# 5 Frame Medium Trap



## Arlo

Just put out a few traps last weekend still early here, my question is they are 5-Frame Mediums with drawn comb and using Swarm Commander as lure what are the odds that they will use this size box?

Thanks


----------



## Rader Sidetrack

I don't know how to calculate what the 'odds' are that your trap will be a sucess. But be aware that a 5 frame medium box is about 16 liters in volume. That is considerably smaller than the 40 liters that Tom Seeley recommends as an optimum trap size. 

You can read Seeley's study here: https://ecommons.cornell.edu/bitstream/handle/1813/2653/Bait Hives for Honey Bees.pdf


----------



## Steve in PA

I put out several traps that were 5 frame deep nuc boxes last year. A few of them had scouts crawling all over them for a few days then...nothing. After consulting with several members here the general thought was they were too small.

You may have luck but I would guess odds are against your small box.


----------



## JWChesnut

Too small. You will have good luck with a double stack 5 frame box. I only put frames in the top box and leave the bottom box wide open.
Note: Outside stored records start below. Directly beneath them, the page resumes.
lemma scattering_flux:
  assumes pc: "piecewise_continuous q" and sol: "schrod_solution q u du" and k: "k > 0"
    and asym_bot: "((\<lambda>x. u x - (exp (\<i> * complex_of_real (k * x))
                        + r * exp (- \<i> * complex_of_real (k * x)))) \<longlongrightarrow> 0) at_bot"
    and asym_top: "((\<lambda>x. u x - \<tau> * exp (\<i> * complex_of_real (k * x))) \<longlongrightarrow> 0) at_top"
    and dasym_top: "((\<lambda>x. du x - \<i> * complex_of_real k * \<tau> * exp (\<i> * complex_of_real (k * x))) \<longlongrightarrow> 0) at_top"
    and dasym_bot: "((\<lambda>x. du x - \<i> * complex_of_real k * (exp (\<i> * complex_of_real (k * x))
                        - r * exp (- \<i> * complex_of_real (k * x)))) \<longlongrightarrow> 0) at_bot"
  shows "Im (cnj (u x) * du x) = k * (cmod \<tau>)\<^sup>2" and "(cmod \<tau>)\<^sup>2 + (cmod r)\<^sup>2 = 1"
proof -
  define W where "W = Im (cnj (u 0) * du 0)"
  have W: "Im (cnj (u x) * du x) = W" for x unfolding W_def by (rule wronskian_constant[OF pc sol])
  have const_lim: "W = c" if "((\<lambda>x. W - c) \<longlongrightarrow> 0) F" "F \<noteq> bot" for c and F :: "real filter"
    using tendsto_const_iff that by (metis eq_iff_diff_eq_0)
  define ep where "ep x = exp (\<i> * complex_of_real (k * x))" for x
  have nep: "cmod (ep x) = 1" for x
    unfolding ep_def by (rule norm_exp_i_real)
  have em: "exp (- \<i> * complex_of_real (k * x)) = cnj (ep x)" for x
    by (simp add: ep_def exp_cnj)
  have lim_top: "((\<lambda>x. Im (cnj (u x) * du x) - Im (cnj (\<tau> * ep x) * (\<i> * complex_of_real k * \<tau> * ep x)))
          \<longlongrightarrow> 0) at_top"
  proof (rule wronskian_tendsto)
    show "((\<lambda>x. u x - \<tau> * ep x) \<longlongrightarrow> 0) at_top"
      "((\<lambda>x. du x - \<i> * complex_of_real k * \<tau> * ep x) \<longlongrightarrow> 0) at_top"
      using asym_top dasym_top unfolding ep_def .
    show "cmod (\<tau> * ep x) \<le> cmod \<tau>" "cmod (\<i> * complex_of_real k * \<tau> * ep x) \<le> k * cmod \<tau>" for x
      using k by (simp_all add: norm_mult nep)
  qed
  have val_top: "Im (cnj (\<tau> * ep x) * (\<i> * complex_of_real k * \<tau> * ep x)) = k * (cmod \<tau>)\<^sup>2" for x
  proof -
    have "Im (cnj (\<tau> * ep x) * (\<i> * complex_of_real k * \<tau> * ep x)) = k * (cmod \<tau>)\<^sup>2 * (cmod (ep x))\<^sup>2"
      unfolding cmod_power2 by (simp add: algebra_simps power2_eq_square)
    then show ?thesis by (simp add: nep)
  qed
  have Wtop: "W = k * (cmod \<tau>)\<^sup>2"
    by (rule const_lim[OF lim_top[unfolded W val_top]]) simp
  have lim_bot: "((\<lambda>x. Im (cnj (u x) * du x)
           - Im (cnj (ep x + r * cnj (ep x)) * (\<i> * complex_of_real k * (ep x - r * cnj (ep x)))))
          \<longlongrightarrow> 0) at_bot"
  proof (rule wronskian_tendsto)
    show "((\<lambda>x. u x - (ep x + r * cnj (ep x))) \<longlongrightarrow> 0) at_bot"
      "((\<lambda>x. du x - \<i> * complex_of_real k * (ep x - r * cnj (ep x))) \<longlongrightarrow> 0) at_bot"
      using asym_bot dasym_bot unfolding em ep_def[symmetric] .
    show "cmod (ep x + r * cnj (ep x)) \<le> 1 + cmod r" for x
      using norm_triangle_ineq[of "ep x" "r * cnj (ep x)"] by (simp add: norm_mult nep)
    show "cmod (\<i> * complex_of_real k * (ep x - r * cnj (ep x))) \<le> k * (1 + cmod r)" for x
      using norm_triangle_ineq4[of "ep x" "r * cnj (ep x)"] k by (simp add: norm_mult nep)
  qed
  have val_bot: "Im (cnj (ep x + r * cnj (ep x)) * (\<i> * complex_of_real k * (ep x - r * cnj (ep x))))
      = k * (1 - (cmod r)\<^sup>2)" for x
  proof -
    have "Im (cnj (ep x + r * cnj (ep x)) * (\<i> * complex_of_real k * (ep x - r * cnj (ep x))))
        = k * (cmod (ep x))\<^sup>2 * (1 - (cmod r)\<^sup>2)"
      unfolding cmod_power2 by (simp add: algebra_simps power2_eq_square)
    then show ?thesis by (simp add: nep)
  qed
  have Wbot: "W = k * (1 - (cmod r)\<^sup>2)"
    by (rule const_lim[OF lim_bot[unfolded W val_bot]]) simp
  show "Im (cnj (u x) * du x) = k * (cmod \<tau>)\<^sup>2" using W Wtop by simp
  have "k * ((cmod \<tau>)\<^sup>2 + (cmod r)\<^sup>2) = k * 1" using Wtop Wbot by (simp add: algebra_simps)
  then show "(cmod \<tau>)\<^sup>2 + (cmod r)\<^sup>2 = 1" using k by simp
qed

section \<open>The Liouville pair\<close>

text \<open>For a solution \<open>u\<close> and a positive weight \<open>J\<close>, the pair \<open>P = u/J\<close>,
  \<open>R = -(i/k)(J u' - J' u)\<close> satisfies the first-order system \<open>P' = i\<kappa>R\<close>, \<open>R' = i\<Lambda>P\<close>
  with \<open>\<kappa> = k/J\<^sup>2\<close> and \<open>\<Lambda> = J\<^sup>2/k (q + J''/J)\<close>.\<close>
definition liouville_P :: "(real \<Rightarrow> complex) \<Rightarrow> (real \<Rightarrow> real) \<Rightarrow> real \<Rightarrow> complex" where
  "liouville_P u J t = u t * complex_of_real (1 / J t)"

definition liouville_R ::
    "real \<Rightarrow> (real \<Rightarrow> complex) \<Rightarrow> (real \<Rightarrow> complex) \<Rightarrow> (real \<Rightarrow> real) \<Rightarrow> (real \<Rightarrow> real) \<Rightarrow> real \<Rightarrow> complex" where
  "liouville_R k u du J J' t =
     (complex_of_real (J t) * du t - complex_of_real (J' t) * u t) * (- \<i> / complex_of_real k)"

definition liouville_gap ::
    "real \<Rightarrow> (real \<Rightarrow> complex) \<Rightarrow> (real \<Rightarrow> complex) \<Rightarrow> (real \<Rightarrow> real) \<Rightarrow> (real \<Rightarrow> real) \<Rightarrow> real \<Rightarrow> real" where
  "liouville_gap k u du J J' t = (cmod (liouville_P u J t - liouville_R k u du J J' t))\<^sup>2"

lemma liouville_P_has_vector_derivative:
  assumes du: "(u has_vector_derivative du t) (at t)"
    and dJ: "(J has_real_derivative J' t) (at t)" and J0: "J t \<noteq> 0" and k0: "k \<noteq> 0"
  shows "(liouville_P u J has_vector_derivative
           (\<i> * complex_of_real (k / (J t)\<^sup>2) * liouville_R k u du J J' t)) (at t)"
proof -
  have d1: "((\<lambda>x. 1 / J x) has_real_derivative (- J' t / (J t)\<^sup>2)) (at t)"
    using DERIV_inverse_fun[OF dJ J0] by (simp add: divide_inverse power2_eq_square)
  have "((\<lambda>x. u x * complex_of_real (1 / J x)) has_vector_derivative
          (u t * complex_of_real (- J' t / (J t)\<^sup>2) + du t * complex_of_real (1 / J t))) (at t)"
    by (rule has_vector_derivative_mult[OF du has_vector_derivative_of_real[OF d1]])
  moreover have "u t * complex_of_real (- J' t / (J t)\<^sup>2) + du t * complex_of_real (1 / J t)
      = \<i> * complex_of_real (k / (J t)\<^sup>2) * liouville_R k u du J J' t"
    using J0 k0 by (simp add: liouville_R_def field_simps power2_eq_square)
  ultimately show ?thesis by (simp add: liouville_P_def[abs_def])
qed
You can connect the two boxes with a batten board screwed diagonally on the long side.


----------



## D Coates

Arlo said:


> Just put out a few traps last weekend still early here, my question is they are 5-Frame Mediums with drawn comb and using Swarm Commander as lure what are the odds that they will use this size box?
> 
> Thanks


Arlo, I'm spitting distance from you and from experience 5 frame mediums are too small. I was using 5 frame deeps and had very little success. From what I've read 7-8 frame deeps are the optimal size. I'm trying "retired" 10 frame deeps with a couple draw wonky frames mixed with undrawn frames this year. Get your traps out ASAP no matter what. I was in 15 of my hives yesterday and more than a few were in the various stages of swarming. One them even had capped queen cells. I'll split that hive today over lunch.


----------



## squarepeg

D Coates said:


> I was using 5 frame deeps and had very little success.


my experience as well last year. this year i went to 5 over 5 deep and have already caught one.

i set it up with one frame of empty comb in the top box, flanked with foundationless frames, with plastic foundation frames on the outsides. i left the bottom box empty.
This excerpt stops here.